Task to complete
Give back an exact copy of the lines in the records below, from the line that has "using outer inner by simp" through the line that has "(1::nat)) - real", and nothing besides.

Supplied material

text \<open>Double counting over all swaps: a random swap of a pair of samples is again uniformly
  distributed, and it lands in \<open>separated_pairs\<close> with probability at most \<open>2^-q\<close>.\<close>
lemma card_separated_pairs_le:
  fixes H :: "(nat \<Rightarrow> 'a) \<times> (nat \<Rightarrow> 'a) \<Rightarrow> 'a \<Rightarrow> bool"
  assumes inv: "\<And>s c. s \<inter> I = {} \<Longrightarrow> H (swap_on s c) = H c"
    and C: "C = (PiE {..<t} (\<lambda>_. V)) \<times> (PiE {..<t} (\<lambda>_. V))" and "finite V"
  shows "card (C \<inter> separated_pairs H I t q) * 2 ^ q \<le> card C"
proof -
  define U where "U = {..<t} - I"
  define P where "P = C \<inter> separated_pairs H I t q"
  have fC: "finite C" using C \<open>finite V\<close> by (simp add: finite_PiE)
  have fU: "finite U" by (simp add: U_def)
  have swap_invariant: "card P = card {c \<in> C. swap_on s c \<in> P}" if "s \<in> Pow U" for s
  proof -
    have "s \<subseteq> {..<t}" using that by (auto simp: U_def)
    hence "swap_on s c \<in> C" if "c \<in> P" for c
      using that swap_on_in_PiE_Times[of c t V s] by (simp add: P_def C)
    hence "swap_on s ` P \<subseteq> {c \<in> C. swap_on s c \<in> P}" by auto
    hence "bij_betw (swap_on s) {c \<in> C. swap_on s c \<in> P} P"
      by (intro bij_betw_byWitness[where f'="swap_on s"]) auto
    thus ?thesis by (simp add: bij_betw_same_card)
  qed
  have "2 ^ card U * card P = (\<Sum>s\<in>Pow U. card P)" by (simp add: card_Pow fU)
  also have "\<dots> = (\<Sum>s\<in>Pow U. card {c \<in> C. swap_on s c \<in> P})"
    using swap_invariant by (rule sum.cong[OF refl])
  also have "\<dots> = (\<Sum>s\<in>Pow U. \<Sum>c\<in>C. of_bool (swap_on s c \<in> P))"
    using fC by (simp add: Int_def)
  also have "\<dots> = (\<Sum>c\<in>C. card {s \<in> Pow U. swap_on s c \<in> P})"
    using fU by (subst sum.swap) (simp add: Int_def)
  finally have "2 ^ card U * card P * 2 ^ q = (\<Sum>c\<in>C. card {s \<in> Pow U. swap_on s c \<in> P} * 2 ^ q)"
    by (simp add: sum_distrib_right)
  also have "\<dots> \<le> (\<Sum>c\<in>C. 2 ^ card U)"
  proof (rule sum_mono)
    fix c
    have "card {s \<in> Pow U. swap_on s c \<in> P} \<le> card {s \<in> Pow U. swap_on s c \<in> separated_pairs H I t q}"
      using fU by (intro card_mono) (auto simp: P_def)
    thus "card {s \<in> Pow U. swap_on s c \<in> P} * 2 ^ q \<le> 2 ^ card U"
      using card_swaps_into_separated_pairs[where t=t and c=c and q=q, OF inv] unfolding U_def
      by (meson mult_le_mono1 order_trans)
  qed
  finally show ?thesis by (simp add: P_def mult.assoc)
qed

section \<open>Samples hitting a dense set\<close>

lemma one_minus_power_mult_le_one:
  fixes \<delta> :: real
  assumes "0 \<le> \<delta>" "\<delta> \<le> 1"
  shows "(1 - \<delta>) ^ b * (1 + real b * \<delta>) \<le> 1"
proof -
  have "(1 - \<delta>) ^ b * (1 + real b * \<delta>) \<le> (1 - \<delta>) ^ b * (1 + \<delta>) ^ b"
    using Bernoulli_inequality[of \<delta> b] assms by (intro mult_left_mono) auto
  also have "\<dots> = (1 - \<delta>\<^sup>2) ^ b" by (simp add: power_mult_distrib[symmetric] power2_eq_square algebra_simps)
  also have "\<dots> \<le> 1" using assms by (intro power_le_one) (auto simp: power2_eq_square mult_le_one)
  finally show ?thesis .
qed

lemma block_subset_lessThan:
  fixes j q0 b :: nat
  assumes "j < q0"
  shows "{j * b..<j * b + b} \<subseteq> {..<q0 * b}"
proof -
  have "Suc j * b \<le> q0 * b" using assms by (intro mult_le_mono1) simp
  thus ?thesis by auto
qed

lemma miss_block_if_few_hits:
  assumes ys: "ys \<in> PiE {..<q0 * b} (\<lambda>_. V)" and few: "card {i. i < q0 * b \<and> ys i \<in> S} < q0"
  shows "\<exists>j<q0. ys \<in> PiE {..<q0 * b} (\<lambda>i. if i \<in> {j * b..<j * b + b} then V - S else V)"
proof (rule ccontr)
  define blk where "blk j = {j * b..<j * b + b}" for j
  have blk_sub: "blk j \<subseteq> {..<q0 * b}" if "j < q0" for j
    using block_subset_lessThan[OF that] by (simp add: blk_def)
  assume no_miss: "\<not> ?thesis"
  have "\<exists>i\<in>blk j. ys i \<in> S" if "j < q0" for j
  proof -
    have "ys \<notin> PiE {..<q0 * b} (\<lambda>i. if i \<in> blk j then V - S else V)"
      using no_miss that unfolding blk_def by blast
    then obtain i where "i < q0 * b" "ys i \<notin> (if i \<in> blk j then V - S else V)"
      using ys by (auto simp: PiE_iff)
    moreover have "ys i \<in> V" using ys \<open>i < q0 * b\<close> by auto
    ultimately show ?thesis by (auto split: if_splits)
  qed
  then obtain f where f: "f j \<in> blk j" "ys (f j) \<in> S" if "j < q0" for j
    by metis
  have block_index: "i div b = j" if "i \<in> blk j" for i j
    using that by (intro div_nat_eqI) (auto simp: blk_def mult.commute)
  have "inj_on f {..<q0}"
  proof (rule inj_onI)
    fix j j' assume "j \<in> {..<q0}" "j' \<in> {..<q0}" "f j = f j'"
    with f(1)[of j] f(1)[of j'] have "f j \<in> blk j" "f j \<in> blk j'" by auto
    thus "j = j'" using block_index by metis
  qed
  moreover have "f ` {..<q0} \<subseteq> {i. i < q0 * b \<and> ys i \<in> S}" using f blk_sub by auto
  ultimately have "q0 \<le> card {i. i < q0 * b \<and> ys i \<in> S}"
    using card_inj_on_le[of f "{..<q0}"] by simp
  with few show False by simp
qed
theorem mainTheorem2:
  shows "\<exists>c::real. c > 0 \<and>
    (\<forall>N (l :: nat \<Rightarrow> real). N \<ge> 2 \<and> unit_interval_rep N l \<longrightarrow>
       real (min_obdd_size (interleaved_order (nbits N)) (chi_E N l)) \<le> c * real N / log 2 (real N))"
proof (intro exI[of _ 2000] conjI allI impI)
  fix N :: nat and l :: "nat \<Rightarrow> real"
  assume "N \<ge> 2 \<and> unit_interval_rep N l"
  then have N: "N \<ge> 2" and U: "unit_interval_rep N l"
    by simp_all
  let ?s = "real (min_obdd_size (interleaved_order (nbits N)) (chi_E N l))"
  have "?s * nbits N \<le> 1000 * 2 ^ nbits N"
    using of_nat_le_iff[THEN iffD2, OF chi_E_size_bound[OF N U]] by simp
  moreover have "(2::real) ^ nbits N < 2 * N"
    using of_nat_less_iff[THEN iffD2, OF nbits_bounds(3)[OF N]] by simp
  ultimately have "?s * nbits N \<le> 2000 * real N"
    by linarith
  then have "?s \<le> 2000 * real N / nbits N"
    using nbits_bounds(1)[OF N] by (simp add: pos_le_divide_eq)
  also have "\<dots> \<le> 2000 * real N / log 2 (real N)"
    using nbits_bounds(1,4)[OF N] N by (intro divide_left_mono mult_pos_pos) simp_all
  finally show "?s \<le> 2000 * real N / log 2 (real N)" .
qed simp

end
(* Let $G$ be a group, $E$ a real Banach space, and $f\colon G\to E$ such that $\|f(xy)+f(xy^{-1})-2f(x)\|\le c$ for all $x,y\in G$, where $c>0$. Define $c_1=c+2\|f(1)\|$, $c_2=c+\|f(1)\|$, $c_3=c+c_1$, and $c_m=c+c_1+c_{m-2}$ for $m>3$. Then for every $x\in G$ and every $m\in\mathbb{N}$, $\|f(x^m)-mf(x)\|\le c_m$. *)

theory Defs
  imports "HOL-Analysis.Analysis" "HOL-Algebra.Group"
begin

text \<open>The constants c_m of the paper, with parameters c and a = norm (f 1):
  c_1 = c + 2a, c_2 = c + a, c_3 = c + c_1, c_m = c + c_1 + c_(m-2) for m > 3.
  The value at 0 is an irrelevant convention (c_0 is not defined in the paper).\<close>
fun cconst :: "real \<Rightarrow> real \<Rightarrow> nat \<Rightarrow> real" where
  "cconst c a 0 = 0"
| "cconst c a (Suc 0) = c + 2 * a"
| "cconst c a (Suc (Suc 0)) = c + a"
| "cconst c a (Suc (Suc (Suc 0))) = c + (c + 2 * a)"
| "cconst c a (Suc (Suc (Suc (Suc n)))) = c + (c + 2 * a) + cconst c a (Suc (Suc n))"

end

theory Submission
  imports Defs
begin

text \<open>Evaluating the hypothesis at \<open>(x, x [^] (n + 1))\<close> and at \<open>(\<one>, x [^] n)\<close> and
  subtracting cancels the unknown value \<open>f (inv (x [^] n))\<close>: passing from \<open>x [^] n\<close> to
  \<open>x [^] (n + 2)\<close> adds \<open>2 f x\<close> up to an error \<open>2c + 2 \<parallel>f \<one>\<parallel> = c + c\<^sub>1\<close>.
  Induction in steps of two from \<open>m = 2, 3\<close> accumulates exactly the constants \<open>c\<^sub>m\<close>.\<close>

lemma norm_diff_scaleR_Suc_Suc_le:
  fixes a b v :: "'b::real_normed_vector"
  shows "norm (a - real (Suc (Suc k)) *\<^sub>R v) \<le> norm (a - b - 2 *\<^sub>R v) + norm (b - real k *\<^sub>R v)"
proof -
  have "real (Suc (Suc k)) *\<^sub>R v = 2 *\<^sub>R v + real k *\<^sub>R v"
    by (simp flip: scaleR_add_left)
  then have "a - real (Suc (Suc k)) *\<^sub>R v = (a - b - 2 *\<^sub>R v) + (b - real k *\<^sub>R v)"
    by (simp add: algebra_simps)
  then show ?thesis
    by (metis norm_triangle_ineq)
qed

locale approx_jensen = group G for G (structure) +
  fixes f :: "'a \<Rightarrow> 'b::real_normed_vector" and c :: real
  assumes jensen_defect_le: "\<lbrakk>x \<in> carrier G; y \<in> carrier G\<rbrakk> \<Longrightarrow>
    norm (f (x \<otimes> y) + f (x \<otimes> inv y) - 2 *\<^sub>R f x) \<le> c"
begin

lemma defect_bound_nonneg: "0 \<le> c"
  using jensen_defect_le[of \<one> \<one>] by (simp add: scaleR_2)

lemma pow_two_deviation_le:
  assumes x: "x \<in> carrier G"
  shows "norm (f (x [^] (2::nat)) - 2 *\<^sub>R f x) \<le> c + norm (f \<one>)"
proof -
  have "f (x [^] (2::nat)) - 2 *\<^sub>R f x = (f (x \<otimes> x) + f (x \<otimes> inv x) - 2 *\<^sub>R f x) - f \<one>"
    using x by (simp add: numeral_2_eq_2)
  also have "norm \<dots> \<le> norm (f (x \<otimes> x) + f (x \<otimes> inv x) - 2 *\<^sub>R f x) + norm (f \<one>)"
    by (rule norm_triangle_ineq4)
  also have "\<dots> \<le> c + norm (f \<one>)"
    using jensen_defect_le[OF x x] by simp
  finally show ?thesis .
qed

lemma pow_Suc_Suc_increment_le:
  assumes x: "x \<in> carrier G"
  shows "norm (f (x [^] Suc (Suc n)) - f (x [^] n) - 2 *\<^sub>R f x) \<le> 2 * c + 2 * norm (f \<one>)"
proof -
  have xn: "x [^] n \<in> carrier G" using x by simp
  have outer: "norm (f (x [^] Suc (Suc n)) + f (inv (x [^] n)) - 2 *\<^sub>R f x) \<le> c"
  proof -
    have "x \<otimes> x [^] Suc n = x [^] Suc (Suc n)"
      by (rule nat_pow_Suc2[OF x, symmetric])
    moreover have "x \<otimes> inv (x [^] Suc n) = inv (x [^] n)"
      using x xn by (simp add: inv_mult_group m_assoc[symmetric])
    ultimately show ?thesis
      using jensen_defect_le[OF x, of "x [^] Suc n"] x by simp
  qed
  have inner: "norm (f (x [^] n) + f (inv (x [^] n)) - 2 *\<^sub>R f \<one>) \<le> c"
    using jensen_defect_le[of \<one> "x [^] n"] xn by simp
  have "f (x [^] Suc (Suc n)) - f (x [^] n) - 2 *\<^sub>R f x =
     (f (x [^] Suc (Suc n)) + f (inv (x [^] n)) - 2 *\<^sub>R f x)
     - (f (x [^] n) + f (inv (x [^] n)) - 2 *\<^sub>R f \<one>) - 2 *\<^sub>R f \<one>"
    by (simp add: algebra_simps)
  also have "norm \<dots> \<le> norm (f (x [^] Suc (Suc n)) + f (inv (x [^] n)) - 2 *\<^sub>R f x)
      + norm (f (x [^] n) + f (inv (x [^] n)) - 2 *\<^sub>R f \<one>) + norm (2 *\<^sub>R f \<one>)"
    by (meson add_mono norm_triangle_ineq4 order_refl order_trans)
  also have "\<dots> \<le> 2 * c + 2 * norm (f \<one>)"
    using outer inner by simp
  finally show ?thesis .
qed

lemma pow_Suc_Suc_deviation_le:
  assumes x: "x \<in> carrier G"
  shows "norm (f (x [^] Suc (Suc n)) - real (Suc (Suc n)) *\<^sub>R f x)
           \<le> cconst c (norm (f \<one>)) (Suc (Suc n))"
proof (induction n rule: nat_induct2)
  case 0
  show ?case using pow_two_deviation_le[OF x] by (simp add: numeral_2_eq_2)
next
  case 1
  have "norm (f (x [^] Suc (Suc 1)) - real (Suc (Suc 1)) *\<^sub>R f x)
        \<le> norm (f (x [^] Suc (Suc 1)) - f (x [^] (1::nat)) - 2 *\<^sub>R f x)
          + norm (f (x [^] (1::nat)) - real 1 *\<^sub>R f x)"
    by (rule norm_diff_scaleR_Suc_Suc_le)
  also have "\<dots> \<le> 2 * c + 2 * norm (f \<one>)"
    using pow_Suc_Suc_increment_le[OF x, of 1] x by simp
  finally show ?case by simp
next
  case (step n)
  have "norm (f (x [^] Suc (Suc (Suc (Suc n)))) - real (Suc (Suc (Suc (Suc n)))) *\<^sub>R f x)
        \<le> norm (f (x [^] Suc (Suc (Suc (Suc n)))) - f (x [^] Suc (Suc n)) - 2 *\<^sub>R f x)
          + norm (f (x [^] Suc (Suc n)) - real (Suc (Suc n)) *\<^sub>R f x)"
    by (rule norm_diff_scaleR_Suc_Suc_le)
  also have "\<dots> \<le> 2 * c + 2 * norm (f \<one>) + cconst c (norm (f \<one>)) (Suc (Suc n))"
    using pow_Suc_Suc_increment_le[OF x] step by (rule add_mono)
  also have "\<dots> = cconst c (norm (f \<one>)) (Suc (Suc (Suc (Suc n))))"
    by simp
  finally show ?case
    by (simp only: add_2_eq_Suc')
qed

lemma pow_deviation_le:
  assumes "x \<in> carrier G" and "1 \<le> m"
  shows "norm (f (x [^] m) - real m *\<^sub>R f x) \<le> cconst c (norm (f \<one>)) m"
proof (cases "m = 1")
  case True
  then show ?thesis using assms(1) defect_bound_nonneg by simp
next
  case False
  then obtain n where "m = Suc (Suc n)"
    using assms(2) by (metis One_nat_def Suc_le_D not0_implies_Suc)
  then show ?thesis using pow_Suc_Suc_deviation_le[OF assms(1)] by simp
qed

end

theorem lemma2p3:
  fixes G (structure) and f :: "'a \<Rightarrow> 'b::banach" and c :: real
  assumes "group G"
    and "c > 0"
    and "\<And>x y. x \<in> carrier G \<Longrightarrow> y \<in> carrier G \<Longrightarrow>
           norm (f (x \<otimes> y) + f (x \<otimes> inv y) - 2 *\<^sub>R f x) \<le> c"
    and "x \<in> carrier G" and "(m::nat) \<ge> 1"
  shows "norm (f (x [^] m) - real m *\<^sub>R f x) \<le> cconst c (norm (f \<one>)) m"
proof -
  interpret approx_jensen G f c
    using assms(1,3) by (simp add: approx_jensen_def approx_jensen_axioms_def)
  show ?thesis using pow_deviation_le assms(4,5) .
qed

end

Finished exercise
    using outer inner by simp
  finally show ?thesis .
qed

lemma pow_Suc_Suc_deviation_le:
  assumes x: "x \<in> carrier G"
  shows "norm (f (x [^] Suc (Suc n)) - real (Suc (Suc n)) *\<^sub>R f x)
           \<le> cconst c (norm (f \<one>)) (Suc (Suc n))"
proof (induction n rule: nat_induct2)
  case 0
  show ?case using pow_two_deviation_le[OF x] by (simp add: numeral_2_eq_2)
next
  case 1
  have "norm (f (x [^] Suc (Suc 1)) - real (Suc (Suc 1)) *\<^sub>R f x)
        \<le> norm (f (x [^] Suc (Suc 1)) - f (x [^] (1::nat)) - 2 *\<^sub>R f x)
          + norm (f (x [^] (1::nat)) - real 1 *\<^sub>R f x)"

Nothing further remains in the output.